* **Prompt**
Please print all of the records shown below, exactly as given.

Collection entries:

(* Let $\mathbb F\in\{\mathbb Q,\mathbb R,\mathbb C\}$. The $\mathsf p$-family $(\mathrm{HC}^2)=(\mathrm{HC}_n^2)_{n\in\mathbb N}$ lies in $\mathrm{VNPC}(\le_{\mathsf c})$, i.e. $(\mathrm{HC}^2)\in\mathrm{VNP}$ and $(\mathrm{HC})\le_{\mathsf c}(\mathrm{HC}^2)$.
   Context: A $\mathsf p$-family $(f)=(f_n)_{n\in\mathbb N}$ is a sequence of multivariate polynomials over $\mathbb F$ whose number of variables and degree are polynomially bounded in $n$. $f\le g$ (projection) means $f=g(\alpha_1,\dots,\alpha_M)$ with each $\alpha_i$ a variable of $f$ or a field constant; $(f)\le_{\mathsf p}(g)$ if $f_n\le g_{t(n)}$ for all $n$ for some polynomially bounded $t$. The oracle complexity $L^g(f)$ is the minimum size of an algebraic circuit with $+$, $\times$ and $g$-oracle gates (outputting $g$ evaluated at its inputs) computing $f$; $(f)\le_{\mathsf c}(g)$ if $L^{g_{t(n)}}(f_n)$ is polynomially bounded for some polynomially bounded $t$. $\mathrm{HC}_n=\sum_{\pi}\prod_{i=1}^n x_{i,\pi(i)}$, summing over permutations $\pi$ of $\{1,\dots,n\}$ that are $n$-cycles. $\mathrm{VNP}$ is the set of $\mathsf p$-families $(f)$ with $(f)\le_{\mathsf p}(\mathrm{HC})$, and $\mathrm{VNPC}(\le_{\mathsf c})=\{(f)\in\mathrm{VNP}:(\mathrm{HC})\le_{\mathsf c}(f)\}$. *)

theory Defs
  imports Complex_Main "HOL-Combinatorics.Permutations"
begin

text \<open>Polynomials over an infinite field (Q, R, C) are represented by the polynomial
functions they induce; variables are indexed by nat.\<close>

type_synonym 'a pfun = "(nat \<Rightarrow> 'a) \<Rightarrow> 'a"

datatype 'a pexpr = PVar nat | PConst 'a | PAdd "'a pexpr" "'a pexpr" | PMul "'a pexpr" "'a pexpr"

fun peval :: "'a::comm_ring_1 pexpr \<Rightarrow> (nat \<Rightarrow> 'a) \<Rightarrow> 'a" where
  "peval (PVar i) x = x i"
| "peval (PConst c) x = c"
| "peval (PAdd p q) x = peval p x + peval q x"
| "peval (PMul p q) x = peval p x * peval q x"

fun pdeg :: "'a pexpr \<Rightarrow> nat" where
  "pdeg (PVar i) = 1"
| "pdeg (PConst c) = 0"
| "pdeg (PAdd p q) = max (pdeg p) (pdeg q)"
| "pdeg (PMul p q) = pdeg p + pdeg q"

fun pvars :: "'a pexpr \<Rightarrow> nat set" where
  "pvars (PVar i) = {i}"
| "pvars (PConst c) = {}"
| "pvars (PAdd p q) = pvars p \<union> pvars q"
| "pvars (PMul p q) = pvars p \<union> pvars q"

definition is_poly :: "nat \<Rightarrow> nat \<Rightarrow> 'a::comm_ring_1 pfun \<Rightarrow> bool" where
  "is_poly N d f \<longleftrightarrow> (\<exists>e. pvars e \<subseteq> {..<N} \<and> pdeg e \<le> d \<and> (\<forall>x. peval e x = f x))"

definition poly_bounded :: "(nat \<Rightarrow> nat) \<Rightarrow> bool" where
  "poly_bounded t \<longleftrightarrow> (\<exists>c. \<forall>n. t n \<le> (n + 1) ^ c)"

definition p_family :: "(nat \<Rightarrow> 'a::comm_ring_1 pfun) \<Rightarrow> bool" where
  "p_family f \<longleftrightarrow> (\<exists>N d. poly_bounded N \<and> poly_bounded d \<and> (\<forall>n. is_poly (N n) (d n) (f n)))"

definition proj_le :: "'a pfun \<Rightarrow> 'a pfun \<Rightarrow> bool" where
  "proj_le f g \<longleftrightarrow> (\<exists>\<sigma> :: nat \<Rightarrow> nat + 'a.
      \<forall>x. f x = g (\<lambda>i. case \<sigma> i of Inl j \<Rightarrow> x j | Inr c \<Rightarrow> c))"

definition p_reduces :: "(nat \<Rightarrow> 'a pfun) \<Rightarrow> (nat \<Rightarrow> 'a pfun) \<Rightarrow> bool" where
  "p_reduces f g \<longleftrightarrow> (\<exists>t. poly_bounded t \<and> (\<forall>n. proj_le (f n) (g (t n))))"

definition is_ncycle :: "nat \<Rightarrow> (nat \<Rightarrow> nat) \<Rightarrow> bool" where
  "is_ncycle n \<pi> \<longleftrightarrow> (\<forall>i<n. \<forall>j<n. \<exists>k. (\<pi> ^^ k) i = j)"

* **Reply**
(* Let $\mathbb F\in\{\mathbb Q,\mathbb R,\mathbb C\}$. The $\mathsf p$-family $(\mathrm{HC}^2)=(\mathrm{HC}_n^2)_{n\in\mathbb N}$ lies in $\mathrm{VNPC}(\le_{\mathsf c})$, i.e. $(\mathrm{HC}^2)\in\mathrm{VNP}$ and $(\mathrm{HC})\le_{\mathsf c}(\mathrm{HC}^2)$.
   Context: A $\mathsf p$-family $(f)=(f_n)_{n\in\mathbb N}$ is a sequence of multivariate polynomials over $\mathbb F$ whose number of variables and degree are polynomially bounded in $n$. $f\le g$ (projection) means $f=g(\alpha_1,\dots,\alpha_M)$ with each $\alpha_i$ a variable of $f$ or a field constant; $(f)\le_{\mathsf p}(g)$ if $f_n\le g_{t(n)}$ for all $n$ for some polynomially bounded $t$. The oracle complexity $L^g(f)$ is the minimum size of an algebraic circuit with $+$, $\times$ and $g$-oracle gates (outputting $g$ evaluated at its inputs) computing $f$; $(f)\le_{\mathsf c}(g)$ if $L^{g_{t(n)}}(f_n)$ is polynomially bounded for some polynomially bounded $t$. $\mathrm{HC}_n=\sum_{\pi}\prod_{i=1}^n x_{i,\pi(i)}$, summing over permutations $\pi$ of $\{1,\dots,n\}$ that are $n$-cycles. $\mathrm{VNP}$ is the set of $\mathsf p$-families $(f)$ with $(f)\le_{\mathsf p}(\mathrm{HC})$, and $\mathrm{VNPC}(\le_{\mathsf c})=\{(f)\in\mathrm{VNP}:(\mathrm{HC})\le_{\mathsf c}(f)\}$. *)

theory Defs
  imports Complex_Main "HOL-Combinatorics.Permutations"
begin

text \<open>Polynomials over an infinite field (Q, R, C) are represented by the polynomial
functions they induce; variables are indexed by nat.\<close>

type_synonym 'a pfun = "(nat \<Rightarrow> 'a) \<Rightarrow> 'a"

datatype 'a pexpr = PVar nat | PConst 'a | PAdd "'a pexpr" "'a pexpr" | PMul "'a pexpr" "'a pexpr"

fun peval :: "'a::comm_ring_1 pexpr \<Rightarrow> (nat \<Rightarrow> 'a) \<Rightarrow> 'a" where
  "peval (PVar i) x = x i"
| "peval (PConst c) x = c"
| "peval (PAdd p q) x = peval p x + peval q x"
| "peval (PMul p q) x = peval p x * peval q x"

fun pdeg :: "'a pexpr \<Rightarrow> nat" where
  "pdeg (PVar i) = 1"
| "pdeg (PConst c) = 0"
| "pdeg (PAdd p q) = max (pdeg p) (pdeg q)"
| "pdeg (PMul p q) = pdeg p + pdeg q"

fun pvars :: "'a pexpr \<Rightarrow> nat set" where
  "pvars (PVar i) = {i}"
| "pvars (PConst c) = {}"
| "pvars (PAdd p q) = pvars p \<union> pvars q"
| "pvars (PMul p q) = pvars p \<union> pvars q"

definition is_poly :: "nat \<Rightarrow> nat \<Rightarrow> 'a::comm_ring_1 pfun \<Rightarrow> bool" where
  "is_poly N d f \<longleftrightarrow> (\<exists>e. pvars e \<subseteq> {..<N} \<and> pdeg e \<le> d \<and> (\<forall>x. peval e x = f x))"

definition poly_bounded :: "(nat \<Rightarrow> nat) \<Rightarrow> bool" where
  "poly_bounded t \<longleftrightarrow> (\<exists>c. \<forall>n. t n \<le> (n + 1) ^ c)"

definition p_family :: "(nat \<Rightarrow> 'a::comm_ring_1 pfun) \<Rightarrow> bool" where
  "p_family f \<longleftrightarrow> (\<exists>N d. poly_bounded N \<and> poly_bounded d \<and> (\<forall>n. is_poly (N n) (d n) (f n)))"

definition proj_le :: "'a pfun \<Rightarrow> 'a pfun \<Rightarrow> bool" where
  "proj_le f g \<longleftrightarrow> (\<exists>\<sigma> :: nat \<Rightarrow> nat + 'a.
      \<forall>x. f x = g (\<lambda>i. case \<sigma> i of Inl j \<Rightarrow> x j | Inr c \<Rightarrow> c))"

definition p_reduces :: "(nat \<Rightarrow> 'a pfun) \<Rightarrow> (nat \<Rightarrow> 'a pfun) \<Rightarrow> bool" where
  "p_reduces f g \<longleftrightarrow> (\<exists>t. poly_bounded t \<and> (\<forall>n. proj_le (f n) (g (t n))))"

definition is_ncycle :: "nat \<Rightarrow> (nat \<Rightarrow> nat) \<Rightarrow> bool" where
  "is_ncycle n \<pi> \<longleftrightarrow> (\<forall>i<n. \<forall>j<n. \<exists>k. (\<pi> ^^ k) i = j)"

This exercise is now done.